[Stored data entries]
╔══
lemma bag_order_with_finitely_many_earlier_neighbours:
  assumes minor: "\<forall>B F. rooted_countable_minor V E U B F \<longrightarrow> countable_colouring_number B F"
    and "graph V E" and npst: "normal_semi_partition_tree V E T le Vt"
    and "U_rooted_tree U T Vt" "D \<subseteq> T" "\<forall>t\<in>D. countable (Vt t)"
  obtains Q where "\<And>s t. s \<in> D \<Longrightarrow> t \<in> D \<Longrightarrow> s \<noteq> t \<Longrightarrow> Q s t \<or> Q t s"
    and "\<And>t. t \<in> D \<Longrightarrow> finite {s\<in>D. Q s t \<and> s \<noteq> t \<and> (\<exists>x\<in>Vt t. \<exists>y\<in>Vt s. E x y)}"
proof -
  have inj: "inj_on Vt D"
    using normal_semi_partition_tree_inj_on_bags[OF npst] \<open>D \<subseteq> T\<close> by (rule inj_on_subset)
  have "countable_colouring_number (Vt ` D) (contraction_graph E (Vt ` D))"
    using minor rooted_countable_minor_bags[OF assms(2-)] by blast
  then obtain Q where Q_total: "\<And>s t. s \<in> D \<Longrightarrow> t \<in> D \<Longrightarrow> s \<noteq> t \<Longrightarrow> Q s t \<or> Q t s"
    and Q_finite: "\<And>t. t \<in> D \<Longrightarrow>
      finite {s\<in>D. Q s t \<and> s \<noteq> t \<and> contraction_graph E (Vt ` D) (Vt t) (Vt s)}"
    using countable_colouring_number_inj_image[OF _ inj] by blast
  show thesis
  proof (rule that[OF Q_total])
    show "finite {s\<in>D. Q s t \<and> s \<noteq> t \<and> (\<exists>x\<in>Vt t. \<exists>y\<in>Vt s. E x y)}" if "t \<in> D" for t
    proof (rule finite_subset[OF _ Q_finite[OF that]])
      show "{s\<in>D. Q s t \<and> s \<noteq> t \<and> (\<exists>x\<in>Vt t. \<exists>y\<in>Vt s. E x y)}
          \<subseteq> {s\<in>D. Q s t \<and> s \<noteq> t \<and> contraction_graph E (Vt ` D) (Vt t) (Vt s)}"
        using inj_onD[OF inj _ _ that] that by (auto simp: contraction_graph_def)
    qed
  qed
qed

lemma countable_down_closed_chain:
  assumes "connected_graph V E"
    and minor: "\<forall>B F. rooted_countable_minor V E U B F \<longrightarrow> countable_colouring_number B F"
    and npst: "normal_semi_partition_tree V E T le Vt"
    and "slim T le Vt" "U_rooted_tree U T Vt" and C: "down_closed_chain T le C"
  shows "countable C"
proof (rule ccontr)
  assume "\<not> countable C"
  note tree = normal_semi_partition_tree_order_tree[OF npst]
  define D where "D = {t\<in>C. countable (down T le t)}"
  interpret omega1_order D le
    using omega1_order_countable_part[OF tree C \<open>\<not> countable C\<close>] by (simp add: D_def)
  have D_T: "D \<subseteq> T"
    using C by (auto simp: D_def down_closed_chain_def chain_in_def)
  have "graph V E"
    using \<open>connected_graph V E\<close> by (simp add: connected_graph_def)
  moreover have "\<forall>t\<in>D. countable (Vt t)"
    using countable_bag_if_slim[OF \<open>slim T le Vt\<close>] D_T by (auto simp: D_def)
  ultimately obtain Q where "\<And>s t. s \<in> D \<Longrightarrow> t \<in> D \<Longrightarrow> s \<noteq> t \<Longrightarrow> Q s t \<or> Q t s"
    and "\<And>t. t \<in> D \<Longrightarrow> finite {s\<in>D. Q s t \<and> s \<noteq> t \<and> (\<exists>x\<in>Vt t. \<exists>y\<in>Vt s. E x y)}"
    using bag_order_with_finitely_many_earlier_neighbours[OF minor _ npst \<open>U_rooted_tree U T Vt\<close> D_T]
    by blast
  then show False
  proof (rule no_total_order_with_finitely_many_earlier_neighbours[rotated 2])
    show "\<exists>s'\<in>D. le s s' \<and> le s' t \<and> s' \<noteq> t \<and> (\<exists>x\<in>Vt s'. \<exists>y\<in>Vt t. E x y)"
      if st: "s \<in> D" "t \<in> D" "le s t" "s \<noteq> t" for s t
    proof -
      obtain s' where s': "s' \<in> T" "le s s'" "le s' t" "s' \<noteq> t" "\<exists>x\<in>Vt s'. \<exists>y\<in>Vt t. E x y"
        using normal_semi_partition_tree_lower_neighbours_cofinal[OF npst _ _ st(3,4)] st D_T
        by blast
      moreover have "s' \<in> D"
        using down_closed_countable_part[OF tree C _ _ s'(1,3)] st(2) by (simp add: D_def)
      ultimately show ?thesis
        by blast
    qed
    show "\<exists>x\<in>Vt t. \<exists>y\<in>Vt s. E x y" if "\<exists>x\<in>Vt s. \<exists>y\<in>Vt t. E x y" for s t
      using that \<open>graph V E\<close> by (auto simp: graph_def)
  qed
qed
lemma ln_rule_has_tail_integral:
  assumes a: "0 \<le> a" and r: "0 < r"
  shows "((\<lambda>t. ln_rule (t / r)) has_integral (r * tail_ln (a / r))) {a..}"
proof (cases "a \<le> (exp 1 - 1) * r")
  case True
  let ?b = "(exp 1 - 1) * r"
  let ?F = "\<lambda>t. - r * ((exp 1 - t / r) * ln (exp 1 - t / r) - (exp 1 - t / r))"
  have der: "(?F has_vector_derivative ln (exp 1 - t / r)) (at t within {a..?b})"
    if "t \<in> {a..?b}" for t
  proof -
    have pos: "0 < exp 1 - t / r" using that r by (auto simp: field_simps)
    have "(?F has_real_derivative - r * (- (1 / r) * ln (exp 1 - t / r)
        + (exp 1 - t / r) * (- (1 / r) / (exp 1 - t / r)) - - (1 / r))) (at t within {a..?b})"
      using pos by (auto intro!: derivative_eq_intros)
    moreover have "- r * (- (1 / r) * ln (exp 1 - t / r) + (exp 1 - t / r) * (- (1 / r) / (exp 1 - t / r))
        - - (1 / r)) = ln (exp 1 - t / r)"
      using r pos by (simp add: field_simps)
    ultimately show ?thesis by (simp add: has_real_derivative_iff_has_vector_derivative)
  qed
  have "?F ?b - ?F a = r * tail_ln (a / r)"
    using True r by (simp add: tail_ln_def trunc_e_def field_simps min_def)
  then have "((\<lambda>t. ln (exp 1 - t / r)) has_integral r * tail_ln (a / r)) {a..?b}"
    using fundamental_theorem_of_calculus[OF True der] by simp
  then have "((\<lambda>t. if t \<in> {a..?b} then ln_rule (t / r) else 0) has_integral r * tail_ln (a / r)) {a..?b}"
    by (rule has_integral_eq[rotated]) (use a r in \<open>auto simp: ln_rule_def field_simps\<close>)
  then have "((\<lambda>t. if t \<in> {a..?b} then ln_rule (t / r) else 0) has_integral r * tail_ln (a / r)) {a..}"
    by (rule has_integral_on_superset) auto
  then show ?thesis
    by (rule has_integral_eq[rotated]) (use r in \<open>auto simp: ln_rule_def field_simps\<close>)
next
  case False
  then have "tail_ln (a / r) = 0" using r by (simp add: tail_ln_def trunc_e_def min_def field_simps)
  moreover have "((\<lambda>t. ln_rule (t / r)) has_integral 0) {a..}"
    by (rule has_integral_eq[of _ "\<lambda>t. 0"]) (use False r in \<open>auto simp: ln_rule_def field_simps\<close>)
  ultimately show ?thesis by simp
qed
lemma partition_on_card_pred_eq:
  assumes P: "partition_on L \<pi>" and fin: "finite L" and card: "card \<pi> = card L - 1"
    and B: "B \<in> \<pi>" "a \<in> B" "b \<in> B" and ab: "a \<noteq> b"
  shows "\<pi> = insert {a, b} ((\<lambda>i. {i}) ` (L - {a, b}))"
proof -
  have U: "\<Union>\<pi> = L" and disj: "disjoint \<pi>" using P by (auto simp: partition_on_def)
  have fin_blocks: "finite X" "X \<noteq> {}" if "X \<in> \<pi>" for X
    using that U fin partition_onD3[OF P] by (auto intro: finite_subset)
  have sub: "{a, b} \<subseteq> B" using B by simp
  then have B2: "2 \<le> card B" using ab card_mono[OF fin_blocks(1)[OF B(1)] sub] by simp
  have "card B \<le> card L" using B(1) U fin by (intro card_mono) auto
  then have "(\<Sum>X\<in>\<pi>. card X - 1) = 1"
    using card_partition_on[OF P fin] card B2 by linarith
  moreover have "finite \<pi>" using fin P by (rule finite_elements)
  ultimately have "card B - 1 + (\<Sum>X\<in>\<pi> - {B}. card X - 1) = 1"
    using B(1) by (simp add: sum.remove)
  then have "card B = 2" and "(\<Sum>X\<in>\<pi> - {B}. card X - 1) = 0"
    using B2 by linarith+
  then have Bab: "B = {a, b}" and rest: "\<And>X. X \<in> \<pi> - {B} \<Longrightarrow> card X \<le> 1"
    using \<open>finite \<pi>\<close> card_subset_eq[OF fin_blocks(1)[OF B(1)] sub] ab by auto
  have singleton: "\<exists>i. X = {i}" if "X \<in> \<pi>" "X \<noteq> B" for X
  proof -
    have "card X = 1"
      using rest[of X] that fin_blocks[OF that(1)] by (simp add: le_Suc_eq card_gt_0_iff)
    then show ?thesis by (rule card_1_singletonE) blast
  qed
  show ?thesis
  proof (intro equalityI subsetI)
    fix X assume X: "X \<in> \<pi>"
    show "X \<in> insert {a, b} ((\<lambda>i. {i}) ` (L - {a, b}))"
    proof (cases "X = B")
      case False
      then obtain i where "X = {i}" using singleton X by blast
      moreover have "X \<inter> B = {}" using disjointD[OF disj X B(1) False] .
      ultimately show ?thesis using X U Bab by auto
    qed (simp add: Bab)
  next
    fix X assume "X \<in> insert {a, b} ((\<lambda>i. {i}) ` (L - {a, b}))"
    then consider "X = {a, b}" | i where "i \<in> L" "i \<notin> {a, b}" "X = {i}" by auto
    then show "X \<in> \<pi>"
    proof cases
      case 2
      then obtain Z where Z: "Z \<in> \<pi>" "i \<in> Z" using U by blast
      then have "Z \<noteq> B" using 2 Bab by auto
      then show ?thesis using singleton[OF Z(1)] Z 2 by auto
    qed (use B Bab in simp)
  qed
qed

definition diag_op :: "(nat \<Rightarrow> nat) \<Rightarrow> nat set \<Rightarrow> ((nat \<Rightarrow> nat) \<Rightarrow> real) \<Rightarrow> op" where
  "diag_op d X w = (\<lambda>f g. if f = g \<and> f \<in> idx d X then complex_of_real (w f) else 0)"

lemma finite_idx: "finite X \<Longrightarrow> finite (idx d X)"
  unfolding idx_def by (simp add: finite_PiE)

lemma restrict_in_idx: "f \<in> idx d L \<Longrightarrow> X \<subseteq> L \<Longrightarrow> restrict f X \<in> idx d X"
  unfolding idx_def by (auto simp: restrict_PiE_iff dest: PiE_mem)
╚══
[TASK DIRECTIONS]
Please give an exact copy of the lines above, beginning with the line containing "proof (rule that[OF Q_total])" and running through the line containing "then show False", and of no other lines.

[YOUR RESPONSE]
  proof (rule that[OF Q_total])
    show "finite {s\<in>D. Q s t \<and> s \<noteq> t \<and> (\<exists>x\<in>Vt t. \<exists>y\<in>Vt s. E x y)}" if "t \<in> D" for t
    proof (rule finite_subset[OF _ Q_finite[OF that]])
      show "{s\<in>D. Q s t \<and> s \<noteq> t \<and> (\<exists>x\<in>Vt t. \<exists>y\<in>Vt s. E x y)}
          \<subseteq> {s\<in>D. Q s t \<and> s \<noteq> t \<and> contraction_graph E (Vt ` D) (Vt t) (Vt s)}"
        using inj_onD[OF inj _ _ that] that by (auto simp: contraction_graph_def)
    qed
  qed
qed

lemma countable_down_closed_chain:
  assumes "connected_graph V E"
    and minor: "\<forall>B F. rooted_countable_minor V E U B F \<longrightarrow> countable_colouring_number B F"
    and npst: "normal_semi_partition_tree V E T le Vt"
    and "slim T le Vt" "U_rooted_tree U T Vt" and C: "down_closed_chain T le C"
  shows "countable C"
proof (rule ccontr)
  assume "\<not> countable C"
  note tree = normal_semi_partition_tree_order_tree[OF npst]
  define D where "D = {t\<in>C. countable (down T le t)}"
  interpret omega1_order D le
    using omega1_order_countable_part[OF tree C \<open>\<not> countable C\<close>] by (simp add: D_def)
  have D_T: "D \<subseteq> T"
    using C by (auto simp: D_def down_closed_chain_def chain_in_def)
  have "graph V E"
    using \<open>connected_graph V E\<close> by (simp add: connected_graph_def)
  moreover have "\<forall>t\<in>D. countable (Vt t)"
    using countable_bag_if_slim[OF \<open>slim T le Vt\<close>] D_T by (auto simp: D_def)
  ultimately obtain Q where "\<And>s t. s \<in> D \<Longrightarrow> t \<in> D \<Longrightarrow> s \<noteq> t \<Longrightarrow> Q s t \<or> Q t s"
    and "\<And>t. t \<in> D \<Longrightarrow> finite {s\<in>D. Q s t \<and> s \<noteq> t \<and> (\<exists>x\<in>Vt t. \<exists>y\<in>Vt s. E x y)}"
    using bag_order_with_finitely_many_earlier_neighbours[OF minor _ npst \<open>U_rooted_tree U T Vt\<close> D_T]
    by blast
  then show False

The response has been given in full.